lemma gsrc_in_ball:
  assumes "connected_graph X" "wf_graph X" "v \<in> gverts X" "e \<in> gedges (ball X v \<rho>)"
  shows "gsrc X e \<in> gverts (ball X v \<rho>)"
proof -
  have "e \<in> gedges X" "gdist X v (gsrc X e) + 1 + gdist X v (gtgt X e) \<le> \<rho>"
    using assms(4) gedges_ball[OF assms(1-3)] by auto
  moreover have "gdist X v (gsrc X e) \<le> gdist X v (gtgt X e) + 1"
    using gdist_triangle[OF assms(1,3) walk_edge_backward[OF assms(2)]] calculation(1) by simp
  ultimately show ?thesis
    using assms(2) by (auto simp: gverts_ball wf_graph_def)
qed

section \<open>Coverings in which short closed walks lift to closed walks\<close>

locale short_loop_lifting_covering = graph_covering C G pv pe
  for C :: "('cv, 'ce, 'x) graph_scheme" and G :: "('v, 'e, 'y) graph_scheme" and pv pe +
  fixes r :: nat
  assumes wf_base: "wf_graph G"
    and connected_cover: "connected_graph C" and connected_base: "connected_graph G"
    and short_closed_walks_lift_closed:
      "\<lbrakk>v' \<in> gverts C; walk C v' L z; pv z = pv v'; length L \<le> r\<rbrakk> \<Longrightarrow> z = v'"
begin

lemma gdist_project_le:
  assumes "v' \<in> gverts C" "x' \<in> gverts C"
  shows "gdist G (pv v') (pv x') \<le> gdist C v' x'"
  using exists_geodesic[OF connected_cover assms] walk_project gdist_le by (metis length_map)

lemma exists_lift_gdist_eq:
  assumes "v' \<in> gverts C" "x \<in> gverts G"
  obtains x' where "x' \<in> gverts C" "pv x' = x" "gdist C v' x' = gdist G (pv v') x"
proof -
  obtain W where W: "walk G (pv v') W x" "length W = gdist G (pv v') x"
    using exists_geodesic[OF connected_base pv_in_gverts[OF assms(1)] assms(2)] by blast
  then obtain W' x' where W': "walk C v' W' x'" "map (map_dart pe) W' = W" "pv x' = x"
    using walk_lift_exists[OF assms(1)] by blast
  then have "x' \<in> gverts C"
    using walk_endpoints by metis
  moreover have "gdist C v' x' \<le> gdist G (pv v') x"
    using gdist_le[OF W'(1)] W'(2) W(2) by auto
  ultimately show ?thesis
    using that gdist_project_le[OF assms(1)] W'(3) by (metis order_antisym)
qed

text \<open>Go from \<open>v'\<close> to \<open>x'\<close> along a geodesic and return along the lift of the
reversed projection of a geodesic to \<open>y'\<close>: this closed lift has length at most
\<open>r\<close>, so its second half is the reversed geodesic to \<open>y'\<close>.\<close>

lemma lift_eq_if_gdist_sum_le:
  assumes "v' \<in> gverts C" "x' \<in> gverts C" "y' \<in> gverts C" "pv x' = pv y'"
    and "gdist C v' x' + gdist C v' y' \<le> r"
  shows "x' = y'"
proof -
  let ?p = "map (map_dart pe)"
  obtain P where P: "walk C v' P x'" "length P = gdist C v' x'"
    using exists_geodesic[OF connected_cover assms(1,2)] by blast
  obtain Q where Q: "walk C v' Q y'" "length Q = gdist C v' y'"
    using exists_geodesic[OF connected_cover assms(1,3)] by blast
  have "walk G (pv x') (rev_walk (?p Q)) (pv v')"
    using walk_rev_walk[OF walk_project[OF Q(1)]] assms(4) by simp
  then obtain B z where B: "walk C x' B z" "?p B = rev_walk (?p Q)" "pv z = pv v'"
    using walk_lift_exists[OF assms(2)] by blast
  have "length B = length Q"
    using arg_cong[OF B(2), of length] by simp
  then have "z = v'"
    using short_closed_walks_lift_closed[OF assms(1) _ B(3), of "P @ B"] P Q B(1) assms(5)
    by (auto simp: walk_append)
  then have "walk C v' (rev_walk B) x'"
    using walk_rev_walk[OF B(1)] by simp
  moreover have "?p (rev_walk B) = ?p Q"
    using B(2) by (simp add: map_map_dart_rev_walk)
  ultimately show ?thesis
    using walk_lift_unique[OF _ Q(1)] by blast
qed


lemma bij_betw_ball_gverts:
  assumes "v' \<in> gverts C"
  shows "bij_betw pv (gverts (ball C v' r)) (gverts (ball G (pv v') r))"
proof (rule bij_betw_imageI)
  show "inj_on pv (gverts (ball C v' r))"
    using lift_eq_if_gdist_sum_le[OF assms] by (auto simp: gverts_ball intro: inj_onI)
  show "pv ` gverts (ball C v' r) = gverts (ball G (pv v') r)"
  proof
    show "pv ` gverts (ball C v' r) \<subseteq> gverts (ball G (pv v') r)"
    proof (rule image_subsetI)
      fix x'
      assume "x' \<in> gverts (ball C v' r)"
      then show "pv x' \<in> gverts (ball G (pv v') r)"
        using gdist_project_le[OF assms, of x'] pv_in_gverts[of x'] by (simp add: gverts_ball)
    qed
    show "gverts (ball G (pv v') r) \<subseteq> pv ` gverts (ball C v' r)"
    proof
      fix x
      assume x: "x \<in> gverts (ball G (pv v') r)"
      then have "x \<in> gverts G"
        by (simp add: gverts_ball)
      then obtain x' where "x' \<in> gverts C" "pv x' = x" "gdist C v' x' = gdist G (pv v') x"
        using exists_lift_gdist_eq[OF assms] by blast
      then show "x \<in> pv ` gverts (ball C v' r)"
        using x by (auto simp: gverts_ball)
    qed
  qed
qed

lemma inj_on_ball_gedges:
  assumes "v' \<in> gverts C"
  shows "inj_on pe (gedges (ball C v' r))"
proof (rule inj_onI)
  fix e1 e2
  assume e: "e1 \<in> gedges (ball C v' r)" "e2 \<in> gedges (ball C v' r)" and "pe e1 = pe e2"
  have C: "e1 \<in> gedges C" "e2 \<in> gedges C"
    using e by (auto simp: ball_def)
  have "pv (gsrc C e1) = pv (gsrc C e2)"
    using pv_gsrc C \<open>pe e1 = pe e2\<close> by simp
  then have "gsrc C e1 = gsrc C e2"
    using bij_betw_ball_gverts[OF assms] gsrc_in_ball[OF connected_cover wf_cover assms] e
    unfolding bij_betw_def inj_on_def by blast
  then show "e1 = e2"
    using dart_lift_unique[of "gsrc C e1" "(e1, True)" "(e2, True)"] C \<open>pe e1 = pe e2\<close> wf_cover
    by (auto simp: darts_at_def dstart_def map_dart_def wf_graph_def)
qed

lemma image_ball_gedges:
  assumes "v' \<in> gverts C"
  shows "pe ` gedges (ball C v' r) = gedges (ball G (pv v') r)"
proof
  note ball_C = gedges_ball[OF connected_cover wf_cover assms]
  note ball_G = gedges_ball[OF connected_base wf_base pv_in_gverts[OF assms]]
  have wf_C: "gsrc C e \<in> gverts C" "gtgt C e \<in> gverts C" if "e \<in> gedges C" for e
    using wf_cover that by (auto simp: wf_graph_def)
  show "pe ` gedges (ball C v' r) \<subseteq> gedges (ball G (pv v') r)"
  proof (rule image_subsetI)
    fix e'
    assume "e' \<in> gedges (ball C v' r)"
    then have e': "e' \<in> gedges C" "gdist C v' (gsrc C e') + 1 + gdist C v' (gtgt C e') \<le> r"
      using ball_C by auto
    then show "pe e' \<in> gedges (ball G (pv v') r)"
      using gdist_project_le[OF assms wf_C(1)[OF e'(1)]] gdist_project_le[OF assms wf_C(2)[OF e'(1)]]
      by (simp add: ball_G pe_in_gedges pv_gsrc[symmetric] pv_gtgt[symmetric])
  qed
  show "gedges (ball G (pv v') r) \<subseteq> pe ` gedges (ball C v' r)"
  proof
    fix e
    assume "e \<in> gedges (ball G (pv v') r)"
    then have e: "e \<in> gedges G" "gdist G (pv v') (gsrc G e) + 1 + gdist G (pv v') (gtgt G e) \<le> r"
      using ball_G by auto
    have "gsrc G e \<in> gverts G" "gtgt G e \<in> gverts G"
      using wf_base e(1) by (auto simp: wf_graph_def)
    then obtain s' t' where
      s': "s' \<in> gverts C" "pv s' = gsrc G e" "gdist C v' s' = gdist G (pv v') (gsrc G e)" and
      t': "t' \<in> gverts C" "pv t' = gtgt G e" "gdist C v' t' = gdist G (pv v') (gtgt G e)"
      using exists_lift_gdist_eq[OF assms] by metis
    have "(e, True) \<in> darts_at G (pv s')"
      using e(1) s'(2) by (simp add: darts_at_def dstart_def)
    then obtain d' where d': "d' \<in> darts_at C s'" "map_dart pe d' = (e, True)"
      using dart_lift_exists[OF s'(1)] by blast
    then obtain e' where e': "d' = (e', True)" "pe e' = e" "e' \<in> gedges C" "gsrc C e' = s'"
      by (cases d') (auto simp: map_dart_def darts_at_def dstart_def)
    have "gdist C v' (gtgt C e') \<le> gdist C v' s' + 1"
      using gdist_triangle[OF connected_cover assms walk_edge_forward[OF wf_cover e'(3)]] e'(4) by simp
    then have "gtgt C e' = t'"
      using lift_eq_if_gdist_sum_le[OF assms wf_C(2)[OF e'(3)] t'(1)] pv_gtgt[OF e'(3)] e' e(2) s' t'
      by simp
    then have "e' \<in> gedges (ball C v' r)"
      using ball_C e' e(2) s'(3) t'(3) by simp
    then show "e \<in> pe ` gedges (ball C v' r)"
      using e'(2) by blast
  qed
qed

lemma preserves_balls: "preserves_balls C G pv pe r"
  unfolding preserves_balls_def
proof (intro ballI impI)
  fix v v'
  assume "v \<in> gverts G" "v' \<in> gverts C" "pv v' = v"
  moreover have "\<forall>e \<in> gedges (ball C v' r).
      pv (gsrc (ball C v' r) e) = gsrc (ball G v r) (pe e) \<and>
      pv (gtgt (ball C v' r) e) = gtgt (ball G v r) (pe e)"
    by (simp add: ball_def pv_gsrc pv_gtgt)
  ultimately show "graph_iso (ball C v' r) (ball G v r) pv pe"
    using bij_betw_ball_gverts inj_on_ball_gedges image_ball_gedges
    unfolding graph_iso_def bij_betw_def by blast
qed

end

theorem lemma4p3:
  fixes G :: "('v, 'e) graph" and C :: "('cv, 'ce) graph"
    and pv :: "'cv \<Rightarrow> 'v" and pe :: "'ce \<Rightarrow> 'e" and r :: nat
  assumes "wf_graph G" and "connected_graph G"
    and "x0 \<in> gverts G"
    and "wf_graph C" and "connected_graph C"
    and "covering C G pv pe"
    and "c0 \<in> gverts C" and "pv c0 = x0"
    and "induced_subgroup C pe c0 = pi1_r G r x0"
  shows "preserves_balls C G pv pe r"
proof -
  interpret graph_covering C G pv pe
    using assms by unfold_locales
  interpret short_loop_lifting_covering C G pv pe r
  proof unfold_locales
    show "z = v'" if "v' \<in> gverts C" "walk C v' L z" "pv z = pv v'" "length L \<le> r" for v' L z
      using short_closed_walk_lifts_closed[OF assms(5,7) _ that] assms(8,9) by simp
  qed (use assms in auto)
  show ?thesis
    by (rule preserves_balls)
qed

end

····················

Would you please return all lines from the listing above that contain "reversed"?

» REPLY TO THE EXERCISE
reversed projection of a geodesic to \<open>y'\<close>: this closed lift has length at most
\<open>r\<close>, so its second half is the reversed geodesic to \<open>y'\<close>.\<close>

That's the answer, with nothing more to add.